- **Your task**: Until the line containing "k g \<longleftrightarrow>" has been reproduced, keep reproducing each line of the material below exactly, starting with the first.

- **Source material**:
(* Let $q\ge2$ be even and $d\ge q$. Let $f$ be a density on $\mathbb{R}^d$ with mode $\boldsymbol\theta$, sufficiently smooth, whose $(q+1)$-st order term of the Taylor expansion around $\boldsymbol\theta$ is of the form $\mathbf a^\top(\mathbf x-\boldsymbol\theta)\prod_{i=1}^{q/2}\frac12(\mathbf x-\boldsymbol\theta)^\top\mathrm R_i(\mathbf x-\boldsymbol\theta)$, where $\mathbf a\ne\mathbf 0$ and $\mathrm R_1,\ldots,\mathrm R_{q/2}$ are positive definite. Then the asymptotic bias cannot be made equal to zero by any choice of $\mathrm Q$, i.e. $\nabla(\nabla^\top\mathrm Q\nabla)^{q/2}f(\boldsymbol\theta)\ne\mathbf 0$ for every symmetric positive definite $\mathrm Q$.
   Context: Setting: $\mathrm A=\{Hf(\boldsymbol\theta)\}^{-1}$ is assumed to exist. For a radial $q$-th order kernel $K(\mathbf x)=G(\|\mathbf x\|)$ and a $d\times d$ matrix $\mathrm P$ with $|\det\mathrm P|=1$, the elliptic kernel is $K_{\mathrm P}(\mathbf x)=K(\mathrm P\mathbf x)$ and $\mathrm Q=\mathrm P^{-1}\mathrm P^{-\top}$ (symmetric positive definite). The asymptotic bias of the kernel mode estimator with kernel $K_{\mathrm P}$ is $-\frac{\pi^{d/2}h_n^q}{2^{q-1}\Gamma(\frac{d+q}{2})\Gamma(\frac q2+1)}B_{d,q}(G)\,\mathrm A\,\nabla(\nabla^\top\mathrm Q\nabla)^{q/2}f(\boldsymbol\theta)$ with $B_{d,q}(G)\neq0$, so it vanishes iff $\nabla(\nabla^\top\mathrm Q\nabla)^{q/2}f(\boldsymbol\theta)=\mathbf 0$. *)

theory Defs
  imports "HOL-Analysis.Analysis"
begin

definition partial :: "'n::finite \<Rightarrow> (real^'n \<Rightarrow> real) \<Rightarrow> real^'n \<Rightarrow> real" where
  "partial i g x = deriv (\<lambda>t. g (x + t *\<^sub>R axis i 1)) 0"

definition iter_partial :: "'n::finite list \<Rightarrow> (real^'n \<Rightarrow> real) \<Rightarrow> real^'n \<Rightarrow> real" where
  "iter_partial is g = foldr partial is g"

definition C_k :: "nat \<Rightarrow> (real^'n::finite \<Rightarrow> real) \<Rightarrow> bool" where
  "C_k k g \<longleftrightarrow>
     (\<forall>is. length is \<le> k \<longrightarrow> continuous_on UNIV (iter_partial is g)) \<and>
     (\<forall>is. length is < k \<longrightarrow>
        (\<forall>i x. (\<lambda>t. iter_partial is g (x + t *\<^sub>R axis i 1)) differentiable (at 0)))"

definition pos_def_mat :: "real^'n^'n \<Rightarrow> bool" where
  "pos_def_mat M \<longleftrightarrow> transpose M = M \<and> (\<forall>y. y \<noteq> 0 \<longrightarrow> y \<bullet> (M *v y) > 0)"

definition taylor_term :: "nat \<Rightarrow> (real^'n::finite \<Rightarrow> real) \<Rightarrow> real^'n \<Rightarrow> real^'n \<Rightarrow> real" where
  "taylor_term k g th y = (deriv ^^ k) (\<lambda>t. g (th + t *\<^sub>R y)) 0 / fact k"

definition quad_op :: "real^'n^'n \<Rightarrow> (real^'n::finite \<Rightarrow> real) \<Rightarrow> real^'n \<Rightarrow> real" where
  "quad_op Q g x = (\<Sum>i\<in>UNIV. \<Sum>j\<in>UNIV. Q $ i $ j * partial i (partial j g) x)"

definition grad :: "(real^'n::finite \<Rightarrow> real) \<Rightarrow> real^'n \<Rightarrow> real^'n" where
  "grad g x = (\<chi> k. partial k g x)"

definition hessian :: "(real^'n::finite \<Rightarrow> real) \<Rightarrow> real^'n \<Rightarrow> real^'n^'n" where
  "hessian g x = (\<chi> i j. partial i (partial j g) x)"

end

theory Submission
  imports Defs "HOL-Probability.Probability"
begin

text \<open>Factor \<open>Q = M M\<^sup>T\<close> and let \<open>Z = M X\<close> with \<open>X\<close> standard normal, a centred Gaussian vector
  with covariance \<open>Q\<close>. Expanding the \<open>(q+1)\<close>-st Taylor term in partial derivatives gives the
  polynomial \<open>P(y) = (q+1)! (a \<bullet> y) \<Prod>\<^sub>i (1/2) y\<^sup>T R\<^sub>i y\<close>, so \<open>(a \<bullet> Z) P(Z) \<ge> 0\<close>; it is not
  almost surely zero because \<open>E[(a \<bullet> Z)\<^sup>2] = a\<^sup>T Q a > 0\<close>, hence \<open>E[(a \<bullet> Z) P(Z)] > 0\<close>.
  Gaussian integration by parts (Isserlis' theorem) evaluates the same expectation as
  \<open>(q+1) (q-1)!! a\<^sup>T Q \<nabla>(\<nabla>\<^sup>T Q \<nabla>)\<^bsup>q/2\<^esup> f(\<theta>)\<close>, so this gradient cannot vanish.\<close>

section \<open>Iterated partial derivatives\<close>

lemma iter_partial_Nil [simp]: "iter_partial [] g = g"
  by (simp add: iter_partial_def)

lemma iter_partial_Cons [simp]: "iter_partial (i # is) g = partial i (iter_partial is g)"
  by (simp add: iter_partial_def)

lemma iter_partial_append: "iter_partial (xs @ ys) g = iter_partial xs (iter_partial ys g)"
  by (simp add: iter_partial_def)

lemma C_k_iter_partial:
  assumes "C_k k g" and "length is + l \<le> k"
  shows "C_k l (iter_partial is g)"
  using assms by (auto simp: C_k_def simp flip: iter_partial_append)

lemma C_k_mono: "C_k k g \<Longrightarrow> l \<le> k \<Longrightarrow> C_k l g"
  using C_k_iter_partial[of k g "[]" l] by simp

lemma C_k_continuous_on: "C_k k g \<Longrightarrow> length is \<le> k \<Longrightarrow> continuous_on UNIV (iter_partial is g)"
  by (simp add: C_k_def)

lemma C_k_continuous_on_partial: "C_k k g \<Longrightarrow> 0 < k \<Longrightarrow> continuous_on UNIV (partial i g)"
  unfolding C_k_def by (elim conjE allE[of _ "[i]"]) simp

lemma C_k_differentiable_iter_partial:
  "C_k k g \<Longrightarrow> length is < k \<Longrightarrow> (\<lambda>t. iter_partial is g (x + t *\<^sub>R axis i 1)) differentiable (at 0)"
  by (simp add: C_k_def)

lemma has_real_derivative_partial:
  fixes g :: "real^'n \<Rightarrow> real"
  assumes "C_k k g" and "0 < k"
  shows "((\<lambda>t. g (x + t *\<^sub>R axis i 1)) has_real_derivative partial i g (x + s *\<^sub>R axis i 1)) (at s)"
proof -
  have "((\<lambda>t. g ((x + s *\<^sub>R axis i 1) + t *\<^sub>R axis i 1)) has_real_derivative
      partial i g (x + s *\<^sub>R axis i 1)) (at 0)"
    unfolding partial_def
    using C_k_differentiable_iter_partial[OF assms(1), of "[]"] assms(2) by (simp add: DERIV_deriv_iff_real_differentiable)
  then show ?thesis
    using DERIV_shift[of "\<lambda>t. g (x + t *\<^sub>R axis i 1)" _ 0 s] by (simp add: algebra_simps)
qed

lemma MVT_abs_le:
  fixes \<phi> :: "real \<Rightarrow> real"
  assumes "\<And>t. (\<phi> has_real_derivative \<phi>' t) (at t)"
  obtains \<xi> where "\<bar>\<xi>\<bar> \<le> \<bar>b\<bar>" and "\<phi> b - \<phi> 0 = b * \<phi>' \<xi>"
proof (cases b "0::real" rule: linorder_cases)
  case less
  then obtain \<xi> where "b < \<xi>" "\<xi> < 0" "\<phi> 0 - \<phi> b = (0 - b) * \<phi>' \<xi>"
    using MVT2[of b 0 \<phi> \<phi>'] assms by blast
  then show ?thesis by (intro that[of \<xi>]) (auto simp: algebra_simps)
next
  case equal
  then show ?thesis by (intro that[of 0]) auto
next
  case greater
  then obtain \<xi> where "0 < \<xi>" "\<xi> < b" "\<phi> b - \<phi> 0 = (b - 0) * \<phi>' \<xi>"
    using MVT2[of 0 b \<phi> \<phi>'] assms by blast
  then show ?thesis by (intro that[of \<xi>]) auto
qed

lemma axis_increment_bound:
  fixes g :: "real^'n \<Rightarrow> real"
  assumes g: "C_k 1 g" and near: "\<And>s. \<bar>s\<bar> \<le> \<bar>b\<bar> \<Longrightarrow> \<bar>partial k g (x + s *\<^sub>R axis k 1) - c\<bar> \<le> e"
  shows "\<bar>g (x + b *\<^sub>R axis k 1) - g x - b * c\<bar> \<le> e * \<bar>b\<bar>"
proof -
  obtain \<xi> where "\<bar>\<xi>\<bar> \<le> \<bar>b\<bar>"
    and mvt: "g (x + b *\<^sub>R axis k 1) - g (x + 0 *\<^sub>R axis k 1) = b * partial k g (x + \<xi> *\<^sub>R axis k 1)"
    using MVT_abs_le[OF has_real_derivative_partial[OF g, of x k]] by auto
  from near[OF this(1)]
  have "\<bar>b * (partial k g (x + \<xi> *\<^sub>R axis k 1) - c)\<bar> \<le> e * \<bar>b\<bar>"
    unfolding abs_mult mult.commute[of "\<bar>b\<bar>"] by (rule mult_right_mono) simp
  with mvt show ?thesis
    by (simp add: right_diff_distrib)
qed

- **Task output**:
(* Let $q\ge2$ be even and $d\ge q$. Let $f$ be a density on $\mathbb{R}^d$ with mode $\boldsymbol\theta$, sufficiently smooth, whose $(q+1)$-st order term of the Taylor expansion around $\boldsymbol\theta$ is of the form $\mathbf a^\top(\mathbf x-\boldsymbol\theta)\prod_{i=1}^{q/2}\frac12(\mathbf x-\boldsymbol\theta)^\top\mathrm R_i(\mathbf x-\boldsymbol\theta)$, where $\mathbf a\ne\mathbf 0$ and $\mathrm R_1,\ldots,\mathrm R_{q/2}$ are positive definite. Then the asymptotic bias cannot be made equal to zero by any choice of $\mathrm Q$, i.e. $\nabla(\nabla^\top\mathrm Q\nabla)^{q/2}f(\boldsymbol\theta)\ne\mathbf 0$ for every symmetric positive definite $\mathrm Q$.
   Context: Setting: $\mathrm A=\{Hf(\boldsymbol\theta)\}^{-1}$ is assumed to exist. For a radial $q$-th order kernel $K(\mathbf x)=G(\|\mathbf x\|)$ and a $d\times d$ matrix $\mathrm P$ with $|\det\mathrm P|=1$, the elliptic kernel is $K_{\mathrm P}(\mathbf x)=K(\mathrm P\mathbf x)$ and $\mathrm Q=\mathrm P^{-1}\mathrm P^{-\top}$ (symmetric positive definite). The asymptotic bias of the kernel mode estimator with kernel $K_{\mathrm P}$ is $-\frac{\pi^{d/2}h_n^q}{2^{q-1}\Gamma(\frac{d+q}{2})\Gamma(\frac q2+1)}B_{d,q}(G)\,\mathrm A\,\nabla(\nabla^\top\mathrm Q\nabla)^{q/2}f(\boldsymbol\theta)$ with $B_{d,q}(G)\neq0$, so it vanishes iff $\nabla(\nabla^\top\mathrm Q\nabla)^{q/2}f(\boldsymbol\theta)=\mathbf 0$. *)

theory Defs
  imports "HOL-Analysis.Analysis"
begin

definition partial :: "'n::finite \<Rightarrow> (real^'n \<Rightarrow> real) \<Rightarrow> real^'n \<Rightarrow> real" where
  "partial i g x = deriv (\<lambda>t. g (x + t *\<^sub>R axis i 1)) 0"

definition iter_partial :: "'n::finite list \<Rightarrow> (real^'n \<Rightarrow> real) \<Rightarrow> real^'n \<Rightarrow> real" where
  "iter_partial is g = foldr partial is g"

definition C_k :: "nat \<Rightarrow> (real^'n::finite \<Rightarrow> real) \<Rightarrow> bool" where
  "C_k k g \<longleftrightarrow>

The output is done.